WORK REQUIRED. Go through the material below, find each line with the word "lambda", and copy those lines.

RECORDED INFORMATION.
----------
(* Let $n>4$ be even and let $P=(A_1,\dots,A_n)$ be a cyclic $n$-gon (distinct vertices on a circle of radius $R$) with vertices ordered anticlockwise. Put $\delta_{pq}=|A_pA_q|$ and, for $m\in\{1,\dots,n\}$, \[\delta(m)=\prod_{\substack{i=1\\ i\ne m}}^{n-1}\ \prod_{\substack{j=i+1\\ j\ne m}}^{n}\delta_{ij}.\] Then: (i) for $m$ even, $2\le m\le n$, \[ \begin{aligned} \delta(m)={}&R^{\frac{n-2}{2}}\left(\prod_{k=1}^{m-1}\Big(\prod_{\substack{l=k+1\\ l\text{ even}}}^{m-1}S_{k,l,l+1}\prod_{\substack{l=m+1\\ l\text{ odd}}}^{n-1}S_{k,l,l+1}\Big)\right)\left(\prod_{k=m}^{n-3}\prod_{\substack{l=k+2\\ l\text{ odd}}}^{n-1}S_{k+1,l,l+1}\right)\\ &\cdot\left(\prod_{\substack{k=2\\ k\text{ even}}}^{m-1}\prod_{\substack{l=k+1\\ l\text{ even}}}^{m-1}\frac{R^2}{x_{l,l+1}}\right)\left(\prod_{\substack{k=m\\ k\text{ even}}}^{n-3}\prod_{\substack{l=k+2\\ l\text{ odd}}}^{n-1}\frac{R^2}{x_{l,l+1}}\right)\left(\prod_{\substack{l=m+1\\ l\text{ odd}}}^{n-1}\frac{R^{m-2}}{x_{l,l+1}^{\frac{m-2}{2}}}\right); \end{aligned} \] (ii) \[ \delta(1)=\left(\prod_{k=1}^{n-3}\prod_{\substack{l=k+2\\ l\text{ odd}}}^{n-1}S_{k+1,l,l+1}R\right)\left(\prod_{\substack{k=2\\ k\text{ even}}}^{n-3}\prod_{\substack{l=k+2\\ l\text{ odd}}}^{n-1}\frac{1}{x_{l,l+1}}\right); \] (iii) \[ \delta(3)=S_{124}R\left(\prod_{\substack{l=5\\ l\text{ odd}}}^{n-1}S_{1,l,l+1}S_{2,l,l+1}R^2\right)\left(\prod_{k=3}^{n-3}\prod_{\substack{l=k+2\\ l\text{ odd}}}^{n-1}S_{k+1,l,l+1}R\right)\left(\prod_{\substack{k=3\\ k\text{ odd}}}^{n-3}\prod_{\substack{l=k+2\\ l\text{ odd}}}^{n-1}\frac{1}{x_{l,l+1}}\right); \] (iv) for $m$ odd, $3<m\le n-1$, \[ \begin{aligned} \delta(m)={}&\frac{S_{1,2,m-1}S_{1,2,m+1}R^2}{x_{12}}\left(\prod_{\substack{l=2\\ l\text{ even}}}^{m-2}S_{1,l,l+1}R\right)\left(\prod_{\substack{l=m+2\\ l\text{ odd}}}^{n-1}S_{1,l,l+1}R\right)\left(\prod_{\substack{l=m+2\\ l\text{ odd}}}^{n-1}\frac{S_{m-1,l,l+1}S_{m-3,l,l+1}R^2}{x_{l,l+1}}\right)\\ &\cdot\left(\prod_{\substack{k=3\\ k\text{ odd}}}^{m-4}\Big(\frac{S_{k,k+1,m-1}S_{k,k+1,m+1}R^2}{x_{k,k+1}}\prod_{\substack{l=k+1\\ l\text{ even}}}^{m-2}\frac{S_{k,l,l+1}R}{x_{l,l+1}}\prod_{\substack{l=m+2\\ l\text{ odd}}}^{n-1}\frac{1}{x_{l,l+1}}\Big)\right)\left(\prod_{\substack{k=2\\ k\text{ even}}}^{m-5}\prod_{\substack{l=k+2\\ l\text{ even}}}^{m-2}S_{k,l,l+1}R\right)\\ &\cdot\left(\prod_{k=2}^{m-4}\prod_{\substack{l=m+2\\ l\text{ odd}}}^{n-1}S_{k,l,l+1}R\right)S_{m-2,m-1,m+1}R\left(\prod_{\substack{l=m+2\\ l\text{ odd}}}^{n-1}\frac{S_{m-2,l,l+1}R}{x_{l,l+1}}\right)\left(\prod_{\substack{k=m\\ k\text{ odd}}}^{n-3}S_{k+1,k+2,k+3}R\right)\\ &\cdot\left(\prod_{k=m}^{n-3}\prod_{\substack{l=k+3\\ l\text{ odd}}}^{n-1}S_{k+1,l,l+1}R\right)\left(\prod_{\substack{k=m\\ k\text{ odd}}}^{n-3}\prod_{\substack{l=k+3\\ l\text{ odd}}}^{n-1}\frac{1}{x_{l,l+1}}\right). \end{aligned} \]
   Context: For points $A_p=(x_p,y_p)$, $x_{pq}:=(x_q-x_p)^2+(y_q-y_p)^2=\delta_{pq}^2$ is the squared distance between $A_p$ and $A_q$, and $S_{pqr}:=2[(x_q-x_p)(y_r-y_p)-(y_q-y_p)(x_r-x_p)]$ is four times the signed area of triangle $A_pA_qA_r$. A product $\prod_{\alpha}^{\beta}$ with $\alpha>\beta$ (or with no index of the required parity in range) equals $1$; "$k$ (resp. $l$) even/odd" restricts a product to indices of that parity. *)

theory Defs
  imports Complex_Main
begin

type_synonym point = "real \<times> real"

definition xsq :: "(nat \<Rightarrow> point) \<Rightarrow> nat \<Rightarrow> nat \<Rightarrow> real" where
  "xsq A p q = (fst (A q) - fst (A p))^2 + (snd (A q) - snd (A p))^2"

definition dl :: "(nat \<Rightarrow> point) \<Rightarrow> nat \<Rightarrow> nat \<Rightarrow> real" where
  "dl A p q = sqrt (xsq A p q)"

text \<open>Four times the signed area of triangle A_p A_q A_r.\<close>
definition Sar :: "(nat \<Rightarrow> point) \<Rightarrow> nat \<Rightarrow> nat \<Rightarrow> nat \<Rightarrow> real" where
  "Sar A p q r = 2 * ((fst (A q) - fst (A p)) * (snd (A r) - snd (A p))
                    - (snd (A q) - snd (A p)) * (fst (A r) - fst (A p)))"

definition delta_m :: "(nat \<Rightarrow> point) \<Rightarrow> nat \<Rightarrow> nat \<Rightarrow> real" where
  "delta_m A n m = (\<Prod>i\<in>{1..n-1}-{m}. \<Prod>j\<in>{i+1..n}-{m}. dl A i j)"

definition prod_ev :: "nat \<Rightarrow> nat \<Rightarrow> (nat \<Rightarrow> real) \<Rightarrow> real" where
  "prod_ev a b f = (\<Prod>l\<in>{l\<in>{a..b}. even l}. f l)"

definition prod_od :: "nat \<Rightarrow> nat \<Rightarrow> (nat \<Rightarrow> real) \<Rightarrow> real" where
  "prod_od a b f = (\<Prod>l\<in>{l\<in>{a..b}. odd l}. f l)"

text \<open>A_1..A_n are distinct points on the circle of radius R (centre c), in anticlockwise
  order: their polar angles about the centre can be chosen strictly increasing and
  within one full turn.\<close>
definition cyclic_anticlockwise :: "(nat \<Rightarrow> point) \<Rightarrow> nat \<Rightarrow> real \<Rightarrow> bool" where
  "cyclic_anticlockwise A n R \<longleftrightarrow> R > 0 \<and> inj_on A {1..n} \<and>
     (\<exists>c::point. \<exists>\<theta>::nat \<Rightarrow> real.
        (\<forall>i\<in>{1..n}. A i = (fst c + R * cos (\<theta> i), snd c + R * sin (\<theta> i))) \<and>
        (\<forall>i\<in>{1..<n}. \<theta> i < \<theta> (i+1)) \<and> \<theta> n < \<theta> 1 + 2 * pi)"

end

theory Submission
  imports Defs
begin

(* For vertices p < q < r on the circle, S_pqr is four times the area of a positively oriented
   inscribed triangle, so the circumradius formula gives S_pqr R = delta_pq delta_qr delta_pr;
   moreover x_{l,l+1} = delta_{l,l+1}^2. After these substitutions each of (i)-(iv) is an identity
   between products of chord lengths, proved by induction on n in steps of two. Adding the
   vertices n+1, n+2 multiplies delta(m) by prod_{i <= n, i <> m} delta_{i,n+1} delta_{i,n+2}
   times delta_{n+1,n+2}, while each right-hand side gains the factor
   prod_{i <= n, i <> m} (S_{i,n+1,n+2} R) / x_{n+1,n+2}^((n-2)/2), which is the same product
   because there are n - 1 factors and x_{n+1,n+2} = delta_{n+1,n+2}^2. The base cases n = m
   (m even) and n = m + 1 (m odd, m > 3) are inductions on m in steps of two as well. *)

section \<open>Triangles inscribed in a circle\<close>

lemma sin_double_add_identity:
  "sin (2*u) + sin (2*v) - sin (2*u + 2*v) = 4 * sin u * sin v * sin (u + v :: real)"
proof -
  have "2*u + 2*v = 2*(u+v)" by simp
  then show ?thesis
    unfolding sin_double cos_double sin_add cos_add
    using sin_cos_squared_add[of u] sin_cos_squared_add[of v] by algebra
qed

definition circle_point :: "point \<Rightarrow> real \<Rightarrow> real \<Rightarrow> point" where
  "circle_point c R \<theta> = (fst c + R * cos \<theta>, snd c + R * sin \<theta>)"

lemma dl_circle_points:
  assumes "A p = circle_point c R a" "A q = circle_point c R (a + 2*u)" "R \<ge> 0" "sin u \<ge> 0"
  shows "dl A p q = 2 * R * sin u"
proof -
  have "xsq A p q = (2 * R * sin u)^2"
    unfolding xsq_def assms(1,2) circle_point_def fst_conv snd_conv
      cos_add sin_add sin_double cos_double
    using sin_cos_squared_add[of a] sin_cos_squared_add[of u] by algebra
  then show ?thesis using assms(3,4) unfolding dl_def by simp
qed

lemma Sar_circle_points:
  assumes "A p = circle_point c R a" "A q = circle_point c R (a + 2*u)"
    and "A r = circle_point c R (a + 2*u + 2*v)"
  shows "Sar A p q r = 8 * R^2 * sin u * sin v * sin (u + v)"
proof -
  have "Sar A p q r = 2 * R^2 * (sin (2*u) + sin (2*v) - sin (2*u + 2*v))"
    unfolding Sar_def assms circle_point_def fst_conv snd_conv sin_add cos_add
    using sin_cos_squared_add[of a] sin_cos_squared_add[of "2*u"] sin_cos_squared_add[of "2*v"]
    by algebra
  then show ?thesis unfolding sin_double_add_identity by simp
qed

locale inscribed_chords =
  fixes d :: "nat \<Rightarrow> nat \<Rightarrow> real" and S :: "nat \<Rightarrow> nat \<Rightarrow> nat \<Rightarrow> real"
    and x :: "nat \<Rightarrow> nat \<Rightarrow> real" and R :: real and N :: nat
  assumes R_pos: "R > 0"
    and d_pos: "\<And>p q. 1 \<le> p \<Longrightarrow> p < q \<Longrightarrow> q \<le> N \<Longrightarrow> d p q > 0"
    and S_mult_R: "\<And>p q r. 1 \<le> p \<Longrightarrow> p < q \<Longrightarrow> q < r \<Longrightarrow> r \<le> N \<Longrightarrow>
                     S p q r * R = d p q * d q r * d p r"
    and x_consecutive: "\<And>l. x l (l+1) = (d l (l+1))^2"

lemma cyclic_anticlockwise_inscribed_chords:
  assumes "cyclic_anticlockwise A n R"
  shows "inscribed_chords (dl A) (Sar A) (xsq A) R n"
proof -
  have R: "R > 0" using assms unfolding cyclic_anticlockwise_def by simp
  obtain c \<theta> where A: "\<And>i. i \<in> {1..n} \<Longrightarrow> A i = circle_point c R (\<theta> i)"
    and incr: "\<And>i. i \<in> {1..<n} \<Longrightarrow> \<theta> i < \<theta> (Suc i)" and turn: "\<theta> n < \<theta> 1 + 2 * pi"
    using assms unfolding cyclic_anticlockwise_def circle_point_def by auto
  define u where "u p q = (\<theta> q - \<theta> p) / 2" for p q
  have angle: "0 < u p q \<and> u p q < pi" if "1 \<le> p" "p < q" "q \<le> n" for p q
  proof -
    have "\<theta> p < \<theta> q" using lift_Suc_mono_less_ivl[of "{1..<n}" \<theta> p q] incr that by auto
    moreover have "\<theta> 1 \<le> \<theta> p" using lift_Suc_mono_le_ivl[of "{1..<n}" \<theta> 1 p] incr that by (auto intro: less_imp_le)
    moreover have "\<theta> q \<le> \<theta> n" using lift_Suc_mono_le_ivl[of "{1..<n}" \<theta> q n] incr that by (auto intro: less_imp_le)
    ultimately show ?thesis using turn unfolding u_def by simp
  qed
  have chord: "dl A p q = 2 * R * sin (u p q) \<and> sin (u p q) > 0"
    if "1 \<le> p" "p < q" "q \<le> n" for p q
  proof -
    have "sin (u p q) > 0" using angle[OF that] by (simp add: sin_gt_zero)
    moreover have "\<theta> q = \<theta> p + 2 * u p q" unfolding u_def by (simp add: field_simps)
    ultimately show ?thesis using A[of p] A[of q] R that by (simp add: dl_circle_points)
  qed
  show ?thesis
  proof
    show "R > 0" by (fact R)
    show "dl A p q > 0" if "1 \<le> p" "p < q" "q \<le> n" for p q
      using chord[OF that] R by simp
    show "Sar A p q r * R = dl A p q * dl A q r * dl A p r"
      if "1 \<le> p" "p < q" "q < r" "r \<le> n" for p q r
    proof -
      have "\<theta> q = \<theta> p + 2 * u p q" "\<theta> r = \<theta> p + 2 * u p q + 2 * u q r" "u p r = u p q + u q r"
        unfolding u_def by (simp_all add: field_simps)
      then have "Sar A p q r = 8 * R^2 * sin (u p q) * sin (u q r) * sin (u p r)"
        using A[of p] A[of q] A[of r] that by (simp add: Sar_circle_points)
      then show ?thesis using chord[of p q] chord[of q r] chord[of p r] that
        by (simp add: power2_eq_square)
    qed
    show "xsq A l (l+1) = (dl A l (l+1))^2" for l
      unfolding dl_def xsq_def by simp
  qed
qed

section \<open>Products over indices of one parity\<close>

lemma even_ge_2E:
  assumes "even (m::nat)" "2 \<le> m"
  obtains s where "m = 2*s + 2"
proof -
  obtain k where "m = 2*k" using assms(1) by blast
  then show ?thesis using assms(2) that[of "k - 1"] by simp
qed

lemma odd_ge_5E:
  assumes "odd (m::nat)" "5 \<le> m"
  obtains p where "m = 2*p + 5"
proof -
  obtain k where "m = 2*k + 1" using assms(1) by (rule oddE)
  then show ?thesis using assms(2) that[of "k - 2"] by simp
qed

lemma prod_ev_empty: "b < a \<Longrightarrow> prod_ev a b f = 1"
  unfolding prod_ev_def by simp

lemma prod_od_empty: "b < a \<Longrightarrow> prod_od a b f = 1"
  unfolding prod_od_def by simp

lemma prod_ev_odd_singleton: "odd a \<Longrightarrow> prod_ev a a f = 1"
  unfolding prod_ev_def by (simp add: prod.neutral)

lemma prod_ev_pair: "even a \<Longrightarrow> prod_ev a (a+1) f = f a"
proof -
  assume "even a"
  then have "{l\<in>{a..a+1}. even l} = {a}" by (auto simp: le_Suc_eq)
  then show ?thesis unfolding prod_ev_def by simp
qed

lemma prod_ev_distrib: "prod_ev a b (\<lambda>k. f k * g k) = prod_ev a b f * prod_ev a b g"
  unfolding prod_ev_def by (rule prod.distrib)

lemma prod_od_distrib: "prod_od a b (\<lambda>k. f k * g k) = prod_od a b f * prod_od a b g"
  unfolding prod_od_def by (rule prod.distrib)

lemma prod_ev_snoc_even: "even c \<Longrightarrow> a \<le> c+2 \<Longrightarrow> prod_ev a (c+2) f = prod_ev a c f * f (c+2)"
proof -
  assume "even c" "a \<le> c+2"
  then have "{l\<in>{a..c+2}. even l} = insert (c+2) {l\<in>{a..c}. even l}"
    by (auto simp: le_Suc_eq)
  then show ?thesis unfolding prod_ev_def by (simp add: mult.commute)
qed

lemma prod_ev_snoc_odd: "odd c \<Longrightarrow> a \<le> c+1 \<Longrightarrow> prod_ev a (c+2) f = prod_ev a c f * f (c+1)"
proof -
  assume "odd c" "a \<le> c+1"
  then have "{l\<in>{a..c+2}. even l} = insert (c+1) {l\<in>{a..c}. even l}"
    by (auto simp: le_Suc_eq)
  then show ?thesis unfolding prod_ev_def by (simp add: mult.commute)
qed

lemma prod_od_snoc_odd: "odd c \<Longrightarrow> a \<le> c+2 \<Longrightarrow> prod_od a (c+2) f = prod_od a c f * f (c+2)"
proof -
  assume "odd c" "a \<le> c+2"
  then have "{l\<in>{a..c+2}. odd l} = insert (c+2) {l\<in>{a..c}. odd l}"
    by (auto simp: le_Suc_eq)
  then show ?thesis unfolding prod_od_def by (simp add: mult.commute)
qed

lemma prod_ev_times_prod_od: "prod_ev a b f * prod_od a b f = (\<Prod>l\<in>{a..b}. f l)"
proof -
  have "{a..b} = {l\<in>{a..b}. even l} \<union> {l\<in>{a..b}. odd l}" by auto
  then have "(\<Prod>l\<in>{a..b}. f l) = (\<Prod>l\<in>{l\<in>{a..b}. even l} \<union> {l\<in>{a..b}. odd l}. f l)"
    by (rule arg_cong)
  also have "\<dots> = prod_ev a b f * prod_od a b f"
    unfolding prod_ev_def prod_od_def by (rule prod.union_disjoint) auto
  finally show ?thesis by simp
qed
----------
EXERCISE SOLUTION.
lemma prod_ev_distrib: "prod_ev a b (\<lambda>k. f k * g k) = prod_ev a b f * prod_ev a b g"
lemma prod_od_distrib: "prod_od a b (\<lambda>k. f k * g k) = prod_od a b f * prod_od a b g"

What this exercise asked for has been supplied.